▶ Problem description: Among the records that follow, set down only the lines from the one containing "text \<open>Each pure" to the one containing "minimum \<open>v\<close> at some", both included, exactly.

***

(* Consider the one-stage adversarial networked control (ANC) game described in the context, and suppose that for every $x\in\mathbb{R}^n$ and every $a\in\mathcal{A}$ the functions $u\mapsto\Sigma(F(x,0),u,a)$ and $u\mapsto\Sigma(F(x,u),u,a)$ are continuous, coercive and convex functions $\mathbb{R}^m\to\mathbb{R}$. Then for every initial pair $(x,s)\in\mathbb{R}^n\times\mathcal{F}$ the game has a finite value, $-\infty<J_1=J_2<\infty$, and the game has a (possibly non-unique) saddle point $(u^*,p^* )$. Furthermore, for every $x$ there exists a compact set $U(x)\subset\mathbb{R}^m$ which contains the controller's optimal response $u^*=u^*(x,s)$ and is such that \[ J_1=\inf_{u\in U(x)}\sup_{p\in\mathcal{S}_{N-1}}p'h^{x,s}(u)=\sup_{p\in\mathcal{S}_{N-1}}\inf_{u\in U(x)}p'h^{x,s}(u)=J_2 . \]
   Context: Setting (one-stage ANC game). Let $\mathcal{F}=\{1,\dots,|\mathcal{F}|\}$ be a finite set of transmission regimes and $\mathcal{A}=\{1,\dots,N\}$ a finite set of jammer actions. For each $a\in\mathcal{A}$ let $P(a)$ be an $|\mathcal{F}|\times|\mathcal{F}|$ row-stochastic matrix, and let $q=(q_1,\dots,q_{|\mathcal{F}|})'\in[0,1]^{|\mathcal{F}|}$. Let $F:\mathbb{R}^n\times\mathbb{R}^m\to\mathbb{R}^n$, $\sigma^0:\mathbb{R}^n\times\mathbb{R}^m\to\mathbb{R}$, $\sigma^1:\mathbb{R}^n\to\mathbb{R}$ and $g^0:\mathcal{A}\times\mathcal{F}\to\mathbb{R}$ be given. For a given plant state $x\in\mathbb{R}^n$ and link regime $s\in\mathcal{F}$, the controller chooses $u\in\mathbb{R}^m$ and the jammer chooses a probability vector $p$ in the unit simplex $\mathcal{S}_{N-1}=\{p\in\mathbb{R}^N:p_j\ge0,\sum_jp_j=1\}$; an action $a\in\mathcal{A}$ is drawn according to $p$, then a new regime $s^+$ is drawn with $\mathrm{Pr}(s^+=i)=P_{si}(a)$, then $b\in\{0,1\}$ is drawn with $\mathrm{Pr}(b=1\mid s^+)=q_{s^+}$, and $x^+=F(x,bu)$. The payoff (cost to the controller, reward to the jammer) is $\Sigma(x^+,u,a)=\sigma^0(x,u)+\sigma^1(x^+)-g^0(a,s)$. Its expectation is $\mathbb{E}^{u,p}\Sigma(x^+,u,a)=p'h^{x,s}(u)$, where $h^{x,s}:\mathbb{R}^m\to\mathbb{R}^N$ has components $h^{x,s}_i(u)=(P(i)q)_s\,\Sigma(F(x,u),u,i)+(1-(P(i)q)_s)\,\Sigma(F(x,0),u,i)$, with $(P(i)q)_s$ the $s$-th entry of the vector $P(i)q$. The upper and lower values are $J_1=\inf_{u\in\mathbb{R}^m}\sup_{p\in\mathcal{S}_{N-1}}p'h^{x,s}(u)$ and $J_2=\sup_{p\in\mathcal{S}_{N-1}}\inf_{u\in\mathbb{R}^m}p'h^{x,s}(u)$. A saddle point is a pair $(u^*,p^* )\in\mathbb{R}^m\times\mathcal{S}_{N-1}$ with $p'h^{x,s}(u^* )\le(p^* )'h^{x,s}(u^* )\le(p^* )'h^{x,s}(u)$ for all $u\in\mathbb{R}^m$, $p\in\mathcal{S}_{N-1}$ (so that $(p^* )'h^{x,s}(u^* )=J_1=J_2$); $u^*$ is the controller's optimal response. A function $h:\mathbb{R}^m\to\mathbb{R}$ is coercive if there is $\eta:\mathbb{R}_+\to\mathbb{R}$ with $\lim_{y\to+\infty}\eta(y)=+\infty$ and $h(u)\ge\eta(\|u\|)$ for all $u$. *)

theory Defs
  imports "HOL-Analysis.Analysis"
begin

text \<open>Transmission regimes are the elements of a finite type 'f, jammer actions the
elements of a finite type 'a (so N = CARD('a)). P a is the matrix (P a s i)_{s,i}.\<close>

definition row_stochastic :: "('f::finite \<Rightarrow> 'f \<Rightarrow> real) \<Rightarrow> bool" where
  "row_stochastic M \<longleftrightarrow> (\<forall>s i. 0 \<le> M s i) \<and> (\<forall>s. (\<Sum>i\<in>UNIV. M s i) = 1)"

definition prob_simplex :: "('a::finite \<Rightarrow> real) set" where
  "prob_simplex = {p. (\<forall>j. 0 \<le> p j) \<and> (\<Sum>j\<in>UNIV. p j) = 1}"

definition coercive :: "('b::real_normed_vector \<Rightarrow> real) \<Rightarrow> bool" where
  "coercive h \<longleftrightarrow> (\<exists>\<eta>::real \<Rightarrow> real. filterlim \<eta> at_top at_top \<and> (\<forall>u. \<eta> (norm u) \<le> h u))"

text \<open>Payoff Sigma(x+,u,a) = sigma0(x,u) + sigma1(x+) - g0(a,s), for current state x and regime s.\<close>
definition Payoff ::
  "('x \<Rightarrow> 'u \<Rightarrow> real) \<Rightarrow> ('x \<Rightarrow> real) \<Rightarrow> ('a \<Rightarrow> 'f \<Rightarrow> real)
   \<Rightarrow> 'x \<Rightarrow> 'f \<Rightarrow> 'x \<Rightarrow> 'u \<Rightarrow> 'a \<Rightarrow> real" where
  "Payoff \<sigma>0 \<sigma>1 g0 x s xp u a = \<sigma>0 x u + \<sigma>1 xp - g0 a s"

definition Pq :: "('a \<Rightarrow> 'f \<Rightarrow> 'f \<Rightarrow> real) \<Rightarrow> ('f::finite \<Rightarrow> real) \<Rightarrow> 'a \<Rightarrow> 'f \<Rightarrow> real" where
  "Pq P q a s = (\<Sum>i\<in>UNIV. P a s i * q i)"

definition hvec ::
  "('x \<Rightarrow> 'u::zero \<Rightarrow> 'x) \<Rightarrow> ('x \<Rightarrow> 'u \<Rightarrow> real) \<Rightarrow> ('x \<Rightarrow> real) \<Rightarrow> ('a \<Rightarrow> 'f \<Rightarrow> real)
   \<Rightarrow> ('a \<Rightarrow> 'f \<Rightarrow> 'f \<Rightarrow> real) \<Rightarrow> ('f::finite \<Rightarrow> real) \<Rightarrow> 'x \<Rightarrow> 'f \<Rightarrow> 'u \<Rightarrow> 'a \<Rightarrow> real" where
  "hvec F \<sigma>0 \<sigma>1 g0 P q x s u i =
     Pq P q i s * Payoff \<sigma>0 \<sigma>1 g0 x s (F x u) u i
     + (1 - Pq P q i s) * Payoff \<sigma>0 \<sigma>1 g0 x s (F x 0) u i"

definition expected :: "('a::finite \<Rightarrow> real) \<Rightarrow> ('a \<Rightarrow> real) \<Rightarrow> real" where
  "expected p h = (\<Sum>j\<in>UNIV. p j * h j)"

definition upper_value :: "('u \<Rightarrow> 'a::finite \<Rightarrow> real) \<Rightarrow> 'u set \<Rightarrow> ereal" where
  "upper_value h U = (INF u\<in>U. SUP p\<in>prob_simplex. ereal (expected p (h u)))"

definition lower_value :: "('u \<Rightarrow> 'a::finite \<Rightarrow> real) \<Rightarrow> 'u set \<Rightarrow> ereal" where
  "lower_value h U = (SUP p\<in>prob_simplex. INF u\<in>U. ereal (expected p (h u)))"

definition saddle_point :: "('u \<Rightarrow> 'a::finite \<Rightarrow> real) \<Rightarrow> 'u \<Rightarrow> ('a \<Rightarrow> real) \<Rightarrow> bool" where
  "saddle_point h us ps \<longleftrightarrow> ps \<in> prob_simplex \<and>
     (\<forall>u. \<forall>p\<in>prob_simplex. expected p (h us) \<le> expected ps (h us) \<and> expected ps (h us) \<le> expected ps (h u))"

end

theory Submission imports Defs begin

text \<open>Each pure jammer action yields a convex combination of two continuous, convex, coercive
  functions of the control, which is again of this kind. The worst-case cost
  \<open>\<phi> u = max\<^sub>a h\<^sub>a u\<close> is then continuous and coercive, so it attains its minimum \<open>v\<close> at some
  \<open>u\<^sup>*\<close>. The convex set \<open>{z. \<exists>u. h u \<le> z}\<close> misses the open orthant \<open>{z. z < v}\<close>; a separating
  hyperplane has a nonnegative normal, which normalised is a mixed strategy \<open>p\<^sup>*\<close> with
  \<open>p\<^sup>*' h u \<ge> v\<close> for all \<open>u\<close>, so \<open>(u\<^sup>*, p\<^sup>*)\<close> is a saddle point. Saddle points lie in a
  sublevel set of a coercive component, which gives the compact set \<open>U(x)\<close>.\<close>

lemma expected_le_const:
  assumes "p \<in> prob_simplex" "\<And>i. y i \<le> c"
  shows "expected p y \<le> c"
proof -
  have "expected p y \<le> (\<Sum>j\<in>UNIV. p j * c)" unfolding expected_def
    using assms by (intro sum_mono mult_left_mono) (auto simp: prob_simplex_def)
  also have "\<dots> = c" using assms(1) by (simp add: prob_simplex_def sum_distrib_right[symmetric])
  finally show ?thesis .
qed

lemma point_mass_in_prob_simplex: "(\<lambda>j. if j = i then 1 else 0) \<in> prob_simplex"
  by (simp add: prob_simplex_def)

lemma expected_point_mass: "expected (\<lambda>j. if j = i then 1 else 0) y = y i"
  unfolding expected_def by (subst sum.cong[OF refl, of _ _ "\<lambda>j. if j = i then y j else 0"]) auto

lemma Pq_bounds:
  assumes "row_stochastic (P a)" "\<And>i. 0 \<le> q i \<and> q i \<le> 1"
  shows "0 \<le> Pq P q a s \<and> Pq P q a s \<le> 1"
proof -
  have "0 \<le> Pq P q a s" unfolding Pq_def using assms
    by (intro sum_nonneg mult_nonneg_nonneg) (auto simp: row_stochastic_def)
  moreover have "Pq P q a s \<le> (\<Sum>k\<in>UNIV. P a s k)" unfolding Pq_def using assms
    by (intro sum_mono) (auto simp: row_stochastic_def intro: mult_left_le)
  ultimately show ?thesis using assms(1) by (simp add: row_stochastic_def)
qed

lemma coercive_bounded_sublevel:
  assumes "coercive f"
  shows "bounded {u. f u \<le> c}"
proof -
  obtain \<eta> where \<eta>: "filterlim \<eta> at_top at_top" "\<And>u. \<eta> (norm u) \<le> f u"
    using assms unfolding coercive_def by blast
  obtain N where N: "\<And>y. y \<ge> N \<Longrightarrow> c + 1 \<le> \<eta> y"
    using \<eta>(1) unfolding filterlim_at_top eventually_at_top_linorder by blast
  have "{u. f u \<le> c} \<subseteq> cball 0 N"
  proof
    fix u assume "u \<in> {u. f u \<le> c}"
    then have "norm u \<le> N" using N[of "norm u"] \<eta>(2)[of u] by force
    then show "u \<in> cball 0 N" by simp
  qed
  then show ?thesis using bounded_subset by blast
qed

lemma coercive_mono:
  assumes "coercive f" "\<And>u. f u \<le> g u"
  shows "coercive g"
  using assms unfolding coercive_def by (meson order_trans)

lemma coercive_convex_combination:
  assumes "coercive A" "coercive B" "0 \<le> w" "w \<le> 1"
  shows "coercive (\<lambda>u. w * A u + (1 - w) * B u)"
proof -
  obtain \<eta>A where A: "filterlim \<eta>A at_top at_top" "\<And>u. \<eta>A (norm u) \<le> A u"
    using assms(1) unfolding coercive_def by blast
  obtain \<eta>B where B: "filterlim \<eta>B at_top at_top" "\<And>u. \<eta>B (norm u) \<le> B u"
    using assms(2) unfolding coercive_def by blast
  have "filterlim (\<lambda>y. min (\<eta>A y) (\<eta>B y)) at_top at_top"
    using A(1) B(1) unfolding filterlim_at_top by (simp add: eventually_conj_iff)
  moreover have "min (\<eta>A (norm u)) (\<eta>B (norm u)) \<le> w * A u + (1 - w) * B u" for u
  proof -
    have "min (\<eta>A (norm u)) (\<eta>B (norm u)) = w * min (\<eta>A (norm u)) (\<eta>B (norm u))
        + (1 - w) * min (\<eta>A (norm u)) (\<eta>B (norm u))" by (simp add: algebra_simps)
    also have "\<dots> \<le> w * A u + (1 - w) * B u"
      using assms(3,4) A(2)[of u] B(2)[of u]
      by (intro add_mono mult_left_mono) auto
    finally show ?thesis .
  qed
  ultimately show ?thesis unfolding coercive_def by blast
qed

lemma coercive_continuous_attains_min:
  fixes f :: "'u::euclidean_space \<Rightarrow> real"
  assumes "continuous_on UNIV f" "coercive f"
  shows "\<exists>u0. \<forall>u. f u0 \<le> f u"
proof -
  define S where "S = {u. f u \<le> f 0}"
  have "compact S" unfolding S_def compact_eq_bounded_closed
    using assms closed_Collect_le[OF assms(1) continuous_on_const] coercive_bounded_sublevel
    by blast
  moreover have "0 \<in> S" unfolding S_def by simp
  ultimately obtain u0 where "u0 \<in> S" "\<forall>u\<in>S. f u0 \<le> f u"
    using continuous_attains_inf[of S f] assms(1) continuous_on_subset by blast
  then show ?thesis unfolding S_def by (metis mem_Collect_eq nle_le order_trans)
qed

lemma continuous_on_Max_image:
  fixes f :: "'u::topological_space \<Rightarrow> 'i \<Rightarrow> 'b::linorder_topology"
  assumes "\<And>i. i \<in> A \<Longrightarrow> continuous_on S (\<lambda>u. f u i)" "finite A" "A \<noteq> {}"
  shows "continuous_on S (\<lambda>u. Max (f u ` A))"
  using assms(2,3,1)
proof (induction A rule: finite_ne_induct)
  case (singleton i) then show ?case by simp
next
  case (insert i A)
  then have "continuous_on S (\<lambda>u. f u i)" "continuous_on S (\<lambda>u. Max (f u ` A))" by auto
  with insert show ?case by (simp add: continuous_on_max)
qed

lemma convex_upper_image:
  fixes h :: "'u::real_vector \<Rightarrow> 'a::finite \<Rightarrow> real"
  assumes "\<And>i. convex_on UNIV (\<lambda>u. h u i)"
  shows "convex {z::real^'a. \<exists>u. \<forall>i. h u i \<le> z$i}"
  unfolding convex_alt
proof (clarsimp)
  fix z1 z2 u1 u2 and t :: real
  assume z: "\<forall>i. h u1 i \<le> z1 $ i" "\<forall>i. h u2 i \<le> z2 $ i" and t: "0 \<le> t" "t \<le> 1"
  show "\<exists>u. \<forall>i. h u i \<le> (1 - t) * z1 $ i + t * z2 $ i"
  proof (intro exI allI)
    fix i
    have "h ((1 - t) *\<^sub>R u1 + t *\<^sub>R u2) i \<le> (1 - t) * h u1 i + t * h u2 i"
      using convex_onD[OF assms[of i], of t u1 u2] t by simp
    also have "\<dots> \<le> (1 - t) * z1 $ i + t * z2 $ i"
      using z t by (intro add_mono mult_left_mono) auto
    finally show "h ((1 - t) *\<^sub>R u1 + t *\<^sub>R u2) i \<le> (1 - t) * z1 $ i + t * z2 $ i" .
  qed
qed

lemma convex_open_lower_orthant: "convex {w::real^'a. \<forall>i. w$i < v}"
proof -
  have "{w::real^'a. \<forall>i. w$i < v} = (\<Inter>i. {w. inner (axis i 1) w < v})"
    by (auto simp: inner_commute inner_axis)
  then show ?thesis by (simp add: convex_INT convex_halfspace_lt)
qed

lemma nonneg_if_bounded_below_on_ray:
  fixes b c d :: real
  assumes "\<And>t. 0 \<le> t \<Longrightarrow> b \<le> c + t * d"
  shows "0 \<le> d"
proof (rule ccontr)
  assume "\<not> 0 \<le> d"
  then have "c + ((\<bar>c - b\<bar> + 1) / - d) * d = c - \<bar>c - b\<bar> - 1" by (simp add: field_simps)
  moreover have "0 \<le> (\<bar>c - b\<bar> + 1) / - d" using \<open>\<not> 0 \<le> d\<close> by (intro divide_nonneg_pos) auto
  ultimately show False using assms by fastforce
qed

***

▶ Response to the exercise:
text \<open>Each pure jammer action yields a convex combination of two continuous, convex, coercive
  functions of the control, which is again of this kind. The worst-case cost
  \<open>\<phi> u = max\<^sub>a h\<^sub>a u\<close> is then continuous and coercive, so it attains its minimum \<open>v\<close> at some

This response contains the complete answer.